I configure LAM 7.2.1b using
./configure --prefix=/Users/Shared/LAM7.2b/ --with-memory-manager=none
--without-romio --with-rpi=gm --with-rpi-gm=/common/gm --disable-tv-queue
It seems to configure, make and install properly. I reset my path to use
the /Users/Shared/LAM7.2b directory and "which mpirun" points to the proper
directory.
Running laminfo gives the following
node065:/usr/local jjp8508$ laminfo
LAM/MPI: 7.2b1svn10122
Prefix: /Users/Shared/LAM7.2b
Architecture: powerpc-apple-darwin7.7.0
Configured by: jjp8508
Configured on: Wed Apr 13 09:32:25 CDT 2005
Configure host: cat.tamu.edu
Memory manager: none
C bindings: yes
C++ bindings: yes
Fortran bindings: yes
C compiler: gcc
C++ compiler: g++
Fortran compiler: f77
Fortran symbols: plain
C profiling: yes
C++ profiling: yes
Fortran profiling: yes
C++ exceptions: no
Thread support: yes
ROMIO support: no
IMPI support: no
Debug support: no
Purify clean: no
SSI boot: globus (API v1.1, Module v0.6)
SSI boot: rsh (API v1.1, Module v1.1)
SSI boot: slurm (API v1.1, Module v1.0)
SSI coll: lam_basic (API v1.1, Module v7.1)

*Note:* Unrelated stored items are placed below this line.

(* Let $i,j,n,r\ge0$ be integers and put $$R_1(\varepsilon)=\frac{(rn)!}{n!^r}\binom{rn+i+\varepsilon}{(r-1)n+j},$$ $$R_2(\varepsilon)=\frac{(rn)!}{n!^r}\frac{(1-\varepsilon)_{rn}}{(rn)!}\frac{(rn+j+1)!}{(1-\varepsilon)_{rn+j+1}}\binom{rn-\varepsilon+j-i}{j-i}\binom{(r+1)n-\varepsilon+1}{rn+i+1}.$$ Then for every integer $H\ge0$: if $0\le i,j\le n$, the number $d_n^H\frac1{H!}\frac{\partial^H}{\partial\varepsilon^H}R_1(\varepsilon)\big|_{\varepsilon=0}$ is an integer; and if $0\le i\le j\le n$, the number $d_n^H\frac1{H!}\frac{\partial^H}{\partial\varepsilon^H}R_2(\varepsilon)\big|_{\varepsilon=0}$ is an integer.
   Context: $(x)_m=x(x+1)\cdots(x+m-1)$, $(x)_0=1$; for complex $x$ and integer $m$, $\binom xm=x(x-1)\cdots(x-m+1)/m!$ if $m\ge0$ and $\binom xm=0$ if $m<0$. $d_n=\operatorname{lcm}(1,\dots,n)$, $d_0=1$. *)

theory Defs
  imports "HOL-Analysis.Analysis"
begin

definition ibinom :: "real \<Rightarrow> int \<Rightarrow> real" where
  "ibinom x m = (if m < 0 then 0 else x gchoose (nat m))"

text \<open>d_n = lcm(1,...,n), d_0 = 1.\<close>
definition dlcm :: "nat \<Rightarrow> nat" where
  "dlcm n = Lcm {1..n}"

definition R1 :: "nat \<Rightarrow> nat \<Rightarrow> nat \<Rightarrow> nat \<Rightarrow> real \<Rightarrow> real" where
  "R1 i j n r \<epsilon> =
     fact (r*n) / (fact n) ^ r
     * ibinom (real (r*n + i) + \<epsilon>) ((int r - 1) * int n + int j)"

definition R2 :: "nat \<Rightarrow> nat \<Rightarrow> nat \<Rightarrow> nat \<Rightarrow> real \<Rightarrow> real" where
  "R2 i j n r \<epsilon> =
     fact (r*n) / (fact n) ^ r
     * (pochhammer (1 - \<epsilon>) (r*n) / fact (r*n))
     * (fact (r*n + j + 1) / pochhammer (1 - \<epsilon>) (r*n + j + 1))
     * ibinom (real (r*n) - \<epsilon> + real_of_int (int j - int i)) (int j - int i)
     * ibinom (real ((r+1)*n) - \<epsilon> + 1) (int (r*n + i + 1))"

end

(*
  Near eps = 0 both functions are, up to a rational constant K, products of linear factors
  l + c*eps (c = 1 or c = -1) over a finite set L of positive integers; for R2 with r = 0 and
  j < n there are in addition geometric factors g/(g - eps) with g <= n.  Multiplied by d^H,
  the H-th Taylor coefficient of such a product is a sum of products in which every factor
  contributes either l or c*d, both multiples of gcd l d.  Hence it lies in
  K * prod (gcd l d) * Z, and it remains to show that K * prod (gcd l d_n) is an integer.
  This is checked one prime at a time with Legendre's formula: for every prime power q <= n
  the multiples of q in L make up for the floor quotients by q of the factorials in K, and
  for q > n the floor quotients balance on their own.
*)

theory Submission
  imports Defs "HOL-Complex_Analysis.Laurent_Convergence"
begin

unbundle no vec_syntax
notation fps_nth (infixl \<open>$\<close> 75)

section \<open>Power series expansions\<close>

lemma taylor_coeff_eq_fps_nth:
  fixes f :: "'a::{banach,real_normed_field} \<Rightarrow> 'a"
  assumes "f has_fps_expansion F"
  shows "(deriv ^^ n) f 0 / fact n = F $ n"
proof -
  have "(deriv ^^ n) f has_fps_expansion (fps_deriv ^^ n) F"
    using assms by (induction n) (auto intro: has_fps_expansion_deriv)
  hence "(deriv ^^ n) f 0 = (fps_deriv ^^ n) F $ 0"
    by (auto simp: has_fps_expansion_def eval_fps_at_0 dest: eventually_nhds_x_imp_x)
  thus ?thesis by (simp add: fps_0th_higher_deriv)
qed

lemma has_fps_expansion_geometric:
  fixes c :: "'a::{banach,real_normed_field}"
  shows "(\<lambda>x. inverse (1 - x / c)) has_fps_expansion Abs_fps (\<lambda>k. inverse c ^ k)"
proof -
  have "(\<lambda>x. inverse (1 - inverse c * x))
      has_fps_expansion inverse (1 - fps_const (inverse c) * fps_X)"
    by (intro fps_expansion_intros) auto
  also have "inverse (1 - fps_const (inverse c) * fps_X) = Abs_fps (\<lambda>k. inverse c ^ k)"
  proof (rule fps_inverse_unique, rule fps_ext)
    fix k
    show "((1 - fps_const (inverse c) * fps_X) * Abs_fps (\<lambda>k. inverse c ^ k)) $ k
        = (1 :: 'a fps) $ k"
      by (cases k) (auto simp: algebra_simps)
  qed
  finally show ?thesis by (simp add: divide_inverse_commute)
qed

SSI coll: shmem (API v1.1, Module v1.0)
SSI coll: smp (API v1.1, Module v1.2)
SSI rpi: crtcp (API v1.1, Module v1.1)
SSI rpi: gm (API v1.1, Module v1.2)
SSI rpi: lamd (API v1.0, Module v7.1)
SSI rpi: sysv (API v1.0, Module v7.1)
SSI rpi: tcp (API v1.0, Module v7.1)
SSI rpi: usysv (API v1.0, Module v7.1)
SSI cr: self (API v1.0, Module v1.0)
I compiled the lamtest-7.1.1 then do a
node065:~/gm jjp8508$ lamboot -v ./machines
LAM 7.2b1svn04132005/MPI 2 C++ - Indiana University
n-1<16740> ssi:boot:base:linear: booting n0 (node065.cluster.private)

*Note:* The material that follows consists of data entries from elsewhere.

lemma uncommon_neighbour_orbit_converse:
  assumes P: "invariant P" and x: "x \<in> V" and y: "y \<in> V"
    and fin: "finite (orbit x)" "finite (orbit y)"
    and b: "b \<in> orbit y" and a1: "a1 \<in> orbit x" "P a1 b" and a2: "a2 \<in> orbit x" "\<not> P a2 b"
    and a: "a \<in> orbit x"
  shows "(\<exists>b\<in>orbit y. P a b) \<and> \<not> (\<forall>b\<in>orbit y. P a b)"
proof -
  note degree = card_related_orbit[OF P x a y fin(2)]
  note bounds = orbit_degree_bounds[OF P x y fin b a1 a2]
  have "{b \<in> orbit y. P a b} \<noteq> {}" using degree bounds(1) by (metis card_gt_0_iff)
  moreover have "{b \<in> orbit y. P a b} \<noteq> orbit y" using degree bounds(2) by auto
  ultimately show ?thesis by blast
qed

end


lemma injective_semigroup_stab:
  assumes "domain_preserving V E R c"
  shows "injective_semigroup (stab V E R c) V"
proof
  fix g h assume g: "g \<in> stab V E R c" and h: "h \<in> stab V E R c"
  then have aut: "g \<in> aut V E R" "h \<in> aut V E R" and pres: "preserves g c" "preserves h c"
    unfolding stab_def by auto
  have hV: "h u \<in> V" if "u \<in> V" for u
    using aut(2) that unfolding aut_def bij_betw_def by blast
  have "E u v \<longleftrightarrow> E (g (h u)) (g (h v))" if "u \<in> V" "v \<in> V" for u v
  proof -
    have "E u v \<longleftrightarrow> E (h u) (h v)" using aut(2) that unfolding aut_def by blast
    also have "\<dots> \<longleftrightarrow> E (g (h u)) (g (h v))" using aut(1) hV that unfolding aut_def by blast
    finally show ?thesis .
  qed
  moreover have "bij_betw (g \<circ> h) V V"
    using aut bij_betw_trans[of h V V g] unfolding aut_def by blast
  ultimately have "g \<circ> h \<in> aut V E R"
    using aut unfolding aut_def by auto
  moreover have "preserves (g \<circ> h) c"
    unfolding preserves_def
  proof (intro allI impI)
    fix v assume v: "v \<in> dom c \<and> (g \<circ> h) v \<in> dom c"
    have "h v \<in> dom c" using assms h v unfolding domain_preserving_def by blast
    then show "c v = c ((g \<circ> h) v)" using pres v unfolding preserves_def by auto
  qed
  ultimately show "g \<circ> h \<in> stab V E R c" unfolding stab_def by blast
next
  fix g x assume "g \<in> stab V E R c"
  then show "inj_on g V" and "x \<in> V \<Longrightarrow> g x \<in> V"
    unfolding stab_def aut_def bij_betw_def by auto
qed

lemma stab_maps_non_roots:
  assumes "g \<in> stab V E R c" "R \<subseteq> V" "x \<in> V - R"
  shows "g x \<in> V - R"
proof -
  have g: "bij_betw g V V" "\<forall>r\<in>R. g r = r" using assms(1) unfolding stab_def aut_def by auto
  have "g x \<notin> R"
  proof
    assume "g x \<in> R"
    then have "g (g x) = g x" using g(2) by blast
    then have "g x = x" using g(1) assms(2,3) \<open>g x \<in> R\<close> by (auto simp: bij_betw_def inj_on_def)
    then show False using assms(3) \<open>g x \<in> R\<close> by simp
  qed
  then show ?thesis using g(1) assms(3) by (auto simp: bij_betw_def)
qed

theorem lemma3p1:
  fixes V :: "'a set" and E :: "'a \<Rightarrow> 'a \<Rightarrow> bool" and R :: "'a set"
    and c :: "'a \<Rightarrow> 'c option" and A B :: "'a set"
  assumes "multirooted_graph V E R"
    and "partial_colouring V c"
    and "domain_preserving V E R c"
    and "moving_tuple V E R c A" and "finite A" and "card A \<le> 3"
    and "moving_tuple V E R c B" and "finite B" and "card B \<le> 3"
    and "\<exists>w\<in>B. uncommon_neighbour V E R A w"
  shows "(\<exists>w\<in>A. uncommon_neighbour V E R B w) \<and>
         (\<exists>f. bij_betw f A B \<and>
              (\<forall>\<gamma>\<in>stab V E R c. \<forall>b\<in>B. \<gamma> b = f (\<gamma> (the_inv_into A f b))) \<and>
              (\<forall>\<gamma>\<in>stab V E R c. \<forall>v\<in>A. \<gamma> v = v \<longleftrightarrow> \<gamma> (f v) = f v))"
proof -
  interpret \<Gamma>: injective_semigroup "stab V E R c" V
    using assms(3) by (rule injective_semigroup_stab)
  have sym: "\<And>u v. E u v \<Longrightarrow> E v u" and roots: "R \<subseteq> V"
    using assms(1) unfolding multirooted_graph_def simple_graph_def by auto
  obtain x y where x: "x \<in> V - R" "A = \<Gamma>.orbit x" and y: "y \<in> V - R" "B = \<Gamma>.orbit y"
    using assms(4,7) unfolding moving_tuple_def charted_def \<Gamma>.orbit_def by blast
  obtain b a1 a2 where b: "b \<in> \<Gamma>.orbit y"
    and a1: "a1 \<in> \<Gamma>.orbit x" "E a1 b" and a2: "a2 \<in> \<Gamma>.orbit x" "\<not> E a2 b"
    using assms(10) sym unfolding uncommon_neighbour_def x(2) y(2) by blast
  have adjacency: "\<Gamma>.invariant E"
    unfolding \<Gamma>.invariant_def by (auto simp: stab_def aut_def)
  note orbits = adjacency x(1)[THEN DiffD1] y(1)[THEN DiffD1] assms(5,8)[unfolded x(2) y(2)]
  obtain f where f: "bij_betw f A B"
    and commute: "\<And>g a. g \<in> stab V E R c \<Longrightarrow> a \<in> A \<Longrightarrow> f (g a) = g (f a)"
    using \<Gamma>.equivariant_bij_betw_orbits[OF orbits assms(6,9)[unfolded x(2) y(2)] b a1 a2]
    unfolding x(2) y(2) by blast
  obtain g where "g \<in> stab V E R c" "a1 = g x" using a1(1) unfolding \<Gamma>.orbit_def by blast
  then have "a1 \<in> V - R" using stab_maps_non_roots[OF _ roots x(1)] by blast
  then have "uncommon_neighbour V E R B a1"
    using \<Gamma>.uncommon_neighbour_orbit_converse[OF orbits b a1 a2 a1(1)]
    unfolding uncommon_neighbour_def y(2) by blast
  moreover have "\<forall>g\<in>stab V E R c. \<forall>b\<in>B. g b = f (g (the_inv_into A f b))"
    using bij_betw_commute_the_inv_into[OF f] commute by blast
  moreover have "\<forall>g\<in>stab V E R c. \<forall>a\<in>A. g a = a \<longleftrightarrow> g (f a) = f a"
  proof (intro ballI)
    fix g a assume g: "g \<in> stab V E R c" and a: "a \<in> A"
    have "g a \<in> A"
      using \<Gamma>.image_orbit[OF x(1)[THEN DiffD1] _ g] assms(5) a x(2) by blast
    then show "g a = a \<longleftrightarrow> g (f a) = f a"
      using commute_fixes_iff[OF bij_betw_imp_inj_on[OF f] a] commute[OF g a] by blast
  qed
  ultimately show ?thesis using a1(1) f unfolding x(2) by blast
qed

end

n-1<16740> ssi:boot:base:linear: booting n1 (node066.cluster.private)
n-1<16740> ssi:boot:base:linear: booting n2 (node067.cluster.private)
n-1<16740> ssi:boot:base:linear: finished
When I try to run a simple test program from the 7.1.1 test suite using gm,
I get the following
node065:~/gm jjp8508$ mpirun C -ssi rpi gm -ssi rpi_verbose level:1000 ./cpi
n0<16758> ssi:rpi:open: verbosity:1000
n0<16759> ssi:rpi:open: verbosity:1000
n0<16759> ssi:rpi:open: looking for rpi module named gm
n2<26249> ssi:rpi:open: verbosity:1000
n1<18867> ssi:rpi:open: verbosity:1000
n2<26249> ssi:rpi:open: looking for rpi module named gm
n1<18867> ssi:rpi:open: looking for rpi module named gm
n0<16758> ssi:rpi:open: looking for rpi module named gm
----------------------------------------------------------------------------
-
The rpi module named "gm" could not be found.
This typically means that you misspelled the desired module name, used
the wrong name entirely, or the module has decided that it does not
want to run in this environment.
----------------------------------------------------------------------------
-
----------------------------------------------------------------------------
-
The rpi module named "gm" could not be found.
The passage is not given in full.